Another commenter replied to the thread and argued that a user with unfettered access could blow up the HMC. Then this came up, concerning education:

“Second: this is digging into a much larger area so I’ll try to keep it short. The reason that so few capable admins for AIX are there is because IBM did (and, IMHO, still does) a very bad job at educating them. If I am a Linux admin and want to hone my skills I get myself a PC for $300 and start hacking. I will perhaps make it go FUBAR a few times but all this will teach me valuable lessons and I will be all the more capable once I work on really productive systems professionally. If I am an AIX admin I do… what? Buy myself a system for ~ $20k only to find out I can’t even create an LPAR because I need to shell out another $50k in various licenses for one thing or the other? This might be OK for a bank, but is beyond my financial reach.”

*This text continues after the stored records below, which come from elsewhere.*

lemma mat_tr_similar: "similar_mat_wit H B P Q \<Longrightarrow> mat_tr H = mat_tr B"
proof -
  assume sim: "similar_mat_wit H B P Q"
  note d = similar_mat_witD[OF refl sim]
  have "mat_tr H = mat_tr (P * B * Q)"
    using d(3) by simp
  also have "\<dots> = mat_tr (Q * (P * B))"
    by (rule mat_tr_mult_commute) (use d(5-7) in auto)
  also have "Q * (P * B) = Q * P * B"
    by (rule assoc_mult_mat[symmetric]) (use d(5-7) in auto)
  finally show ?thesis
    using d(2,5) by simp
qed

lemma mat_tr_upper_triangular_square:
  assumes "B \<in> carrier_mat k k" "upper_triangular B"
  shows "mat_tr (B * B) = (\<Sum>i<k. (B $$ (i, i))\<^sup>2)"
proof -
  have "(B * B) $$ (i, i) = (B $$ (i, i))\<^sup>2" if "i < k" for i
  proof -
    have "(B * B) $$ (i, i) = (\<Sum>l<k. B $$ (i, l) * B $$ (l, i))"
      using assms(1) that by (simp add: scalar_prod_def atLeast0LessThan)
    also have "\<dots> = (\<Sum>l\<in>{i}. B $$ (i, l) * B $$ (l, i))"
      using assms that by (intro sum.mono_neutral_right) (auto simp: upper_triangular_def neq_iff)
    finally show ?thesis by (simp add: power2_eq_square)
  qed
  with assms(1) show ?thesis by (simp add: mat_tr_def)
qed

lemma mat_tr_eq_sum_eigenvalues:
  fixes H :: "complex mat"
  assumes H: "H \<in> carrier_mat k k" and es: "char_poly H = (\<Prod>e\<leftarrow>es. [:- e, 1:])"
  shows "mat_tr H = sum_list es" and "mat_tr (H * H) = (\<Sum>e\<leftarrow>es. e\<^sup>2)"
proof -
  obtain B P Q where "schur_decomposition H es = (B, P, Q)"
    by (cases "schur_decomposition H es")
  from schur_decomposition[OF H es this]
  have sim: "similar_mat_wit H B P Q" and ut: "upper_triangular B" and diag: "diag_mat B = es"
    by auto
  have B: "B \<in> carrier_mat k k"
    using similar_mat_witD2[OF H sim] by simp
  have sum_diag: "(\<Sum>i<k. f (B $$ (i, i))) = (\<Sum>e\<leftarrow>es. f e)" for f :: "complex \<Rightarrow> complex"
    using B by (simp add: diag[symmetric] diag_mat_def sum_list_sum_nth atLeast0LessThan)
  have "mat_tr H = mat_tr B"
    by (rule mat_tr_similar[OF sim])
  with B sum_diag[of id] show "mat_tr H = sum_list es"
    by (simp add: mat_tr_def)
  have "similar_mat_wit (H * H) (B * B) P Q"
    using similar_mat_wit_pow[OF sim, of 2] H B by (simp add: numeral_2_eq_2)
  then have "mat_tr (H * H) = mat_tr (B * B)"
    by (rule mat_tr_similar)
  with sum_diag show "mat_tr (H * H) = (\<Sum>e\<leftarrow>es. e\<^sup>2)"
    by (simp add: mat_tr_upper_triangular_square[OF B ut])
qed

lemma hs_inner_mult_gram:
  "hs_inner I V (fmat_mult I (fmat_mult I (fmat_adj A) A) V) = complex_of_real (frob_sq I (fmat_mult I A V))"
  by (simp add: frob_sq_eq_trace fmat_adj_mult fmat_mult_assoc flip: fmat_trace_adj_mult)

(* Test A*A against the matrix whose columns all equal the eigenvector v:
   e |V|_2^2 = <V, A*A V> = |AV|_2^2. *)
lemma eigenvalue_gram_nonneg:
  assumes A: "A \<in> carrier_mat k k" and e: "eigenvalue (mat_adjoint A * A) e"
  shows "\<exists>x\<ge>0. e = complex_of_real x"
proof -
  let ?I = "{..<k}" and ?A = "fmat_of_mat A"
  have H: "mat_adjoint A * A \<in> carrier_mat k k"
    using mult_carrier_mat[OF mat_adjoint_carrier[OF A] A] .
  obtain v where v: "v \<in> carrier_vec k" "v \<noteq> 0\<^sub>v k" "(mat_adjoint A * A) *\<^sub>v v = e \<cdot>\<^sub>v v"
    using e H unfolding eigenvalue_def eigenvector_def by auto
  define V where "V i j = v $ i" for i j :: nat
  have "fmat_mult ?I (fmat_mult ?I (fmat_adj ?A) ?A) V i j = e * V i j" if "i < k" for i j
  proof -
    have "e * V i j = ((mat_adjoint A * A) *\<^sub>v v) $ i"
      using v(1,3) that by (simp add: V_def)
    also have "\<dots> = (\<Sum>l<k. (mat_adjoint A * A) $$ (i, l) * v $ l)"
      using H v(1) that by (rule index_mult_mat_vec_eq_sum)
    also have "\<dots> = (\<Sum>l<k. fmat_mult ?I (fmat_adj ?A) ?A i l * v $ l)"
      using index_gram_mat_eq_fmat_mult[OF A that] by (intro sum.cong refl) (simp only: lessThan_iff)
    finally show ?thesis
      by (simp add: fmat_mult_def V_def)
  qed
  then have "hs_inner ?I V (fmat_mult ?I (fmat_mult ?I (fmat_adj ?A) ?A) V) = e * hs_inner ?I V V"
    by (simp add: hs_inner_def sum_distrib_left algebra_simps)
  then have eq: "complex_of_real (frob_sq ?I (fmat_mult ?I ?A V)) = e * complex_of_real (frob_sq ?I V)"
    by (simp add: hs_inner_mult_gram frob_sq_eq_hs_inner)
  obtain i where "i < k" "v $ i \<noteq> 0"
    using v(1,2) by (metis carrier_vecD eq_vecI index_zero_vec)
  then have "0 < frob_sq ?I V"
    by (intro frob_sq_pos[of _ i i]) (auto simp: V_def)
  with eq show ?thesis
    by (intro exI[of _ "frob_sq ?I (fmat_mult ?I ?A V) / frob_sq ?I V"]) (simp add: field_simps)
qed

lemma proots_prod_linear_factors: "proots (\<Prod>e\<leftarrow>es. [:- e, 1:]) = mset (es :: complex list)"
proof (induction es)
  case (Cons a es)
  have "(\<Prod>e\<leftarrow>es. [:- e, 1:]) \<noteq> 0"
    by (auto simp: prod_list_zero_iff)
  with Cons show ?case
    by (simp add: proots_mult del: mult_pCons_left)
qed simp

lemma char_poly_gram_nonneg_roots:
  assumes A: "A \<in> carrier_mat k k"
  obtains rs where "char_poly (mat_adjoint A * A) = (\<Prod>r\<leftarrow>rs. [:- complex_of_real r, 1:])"
    and "\<And>r. r \<in> set rs \<Longrightarrow> 0 \<le> r"
proof -
  have H: "mat_adjoint A * A \<in> carrier_mat k k"
    using mult_carrier_mat[OF mat_adjoint_carrier[OF A] A] .
  obtain es where es: "char_poly (mat_adjoint A * A) = (\<Prod>e\<leftarrow>es. [:- e, 1:])"
    using char_poly_factorized[OF H] by blast
  have "\<exists>x\<ge>0. e = complex_of_real x" if "e \<in> set es" for e
    using that eigenvalue_root_char_poly[OF H] es
    by (intro eigenvalue_gram_nonneg[OF A]) (auto simp: poly_prod_list prod_list_zero_iff)
  then have real: "complex_of_real (Re e) = e" and Re_nonneg: "0 \<le> Re e" if "e \<in> set es" for e
    using that by fastforce+
  define rs where "rs = map Re es"
  have es_real: "es = map complex_of_real rs" and nonneg: "\<And>r. r \<in> set rs \<Longrightarrow> 0 \<le> r"
    using real Re_nonneg by (auto simp: rs_def map_idI)
  have "char_poly (mat_adjoint A * A) = (\<Prod>r\<leftarrow>rs. [:- complex_of_real r, 1:])"
    using es unfolding es_real by (simp add: o_def)
  then show thesis
    using nonneg by (rule that)
qed

lemma mat_tr_gram:
  assumes A: "A \<in> carrier_mat k k"
  shows "mat_tr (mat_adjoint A * A) = complex_of_real (frob_sq {..<k} (fmat_of_mat A))"
    and "mat_tr ((mat_adjoint A * A) * (mat_adjoint A * A))
      = complex_of_real (schatten4_pow4 {..<k} (fmat_of_mat A))"
proof -
  let ?H = "mat_adjoint A * A" and ?G = "fmat_mult {..<k} (fmat_adj (fmat_of_mat A)) (fmat_of_mat A)"
  have H: "?H \<in> carrier_mat k k"
    using mult_carrier_mat[OF mat_adjoint_carrier[OF A] A] .
  have gram: "fmat_of_mat ?H i j = ?G i j" if "i \<in> {..<k}" "j \<in> {..<k}" for i j
    using A that unfolding fmat_of_mat_def[of ?H] by (intro index_gram_mat_eq_fmat_mult) auto
  show "mat_tr ?H = complex_of_real (frob_sq {..<k} (fmat_of_mat A))"
    unfolding frob_sq_eq_trace mat_tr_eq_fmat_trace[OF H] fmat_trace_def using gram by (intro sum.cong) auto
  show "mat_tr (?H * ?H) = complex_of_real (schatten4_pow4 {..<k} (fmat_of_mat A))"
    unfolding schatten4_pow4_eq_trace mat_tr_mult_eq_fmat_trace[OF H H] fmat_trace_def
    using gram by (intro sum.cong refl fmat_mult_cong) auto
qed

I’ve written plenty about education over the years (for starters, herehere and here), and I do believe this continues to be a problem.

This is from another commenter:

“I can agree with most of what has been said above, I can understand IBM wanting to lock the HMC appliance down as much as possible and I understand the sysadmin desire to have full control of any machine on the network as Bakunin says – if there’s not a competency issue. In truth, my main reason for coming down on the restricted side of this argument is exactly that – competency! I have a number of systems that have been up and running for longer than many of my support contacts have been systems admins, I don’t actually have privileged access to many of the systems – I have elevated access or “root” access on none of the systems. Should I need root access, it has to be requested, approved and I am issued with a one-time password.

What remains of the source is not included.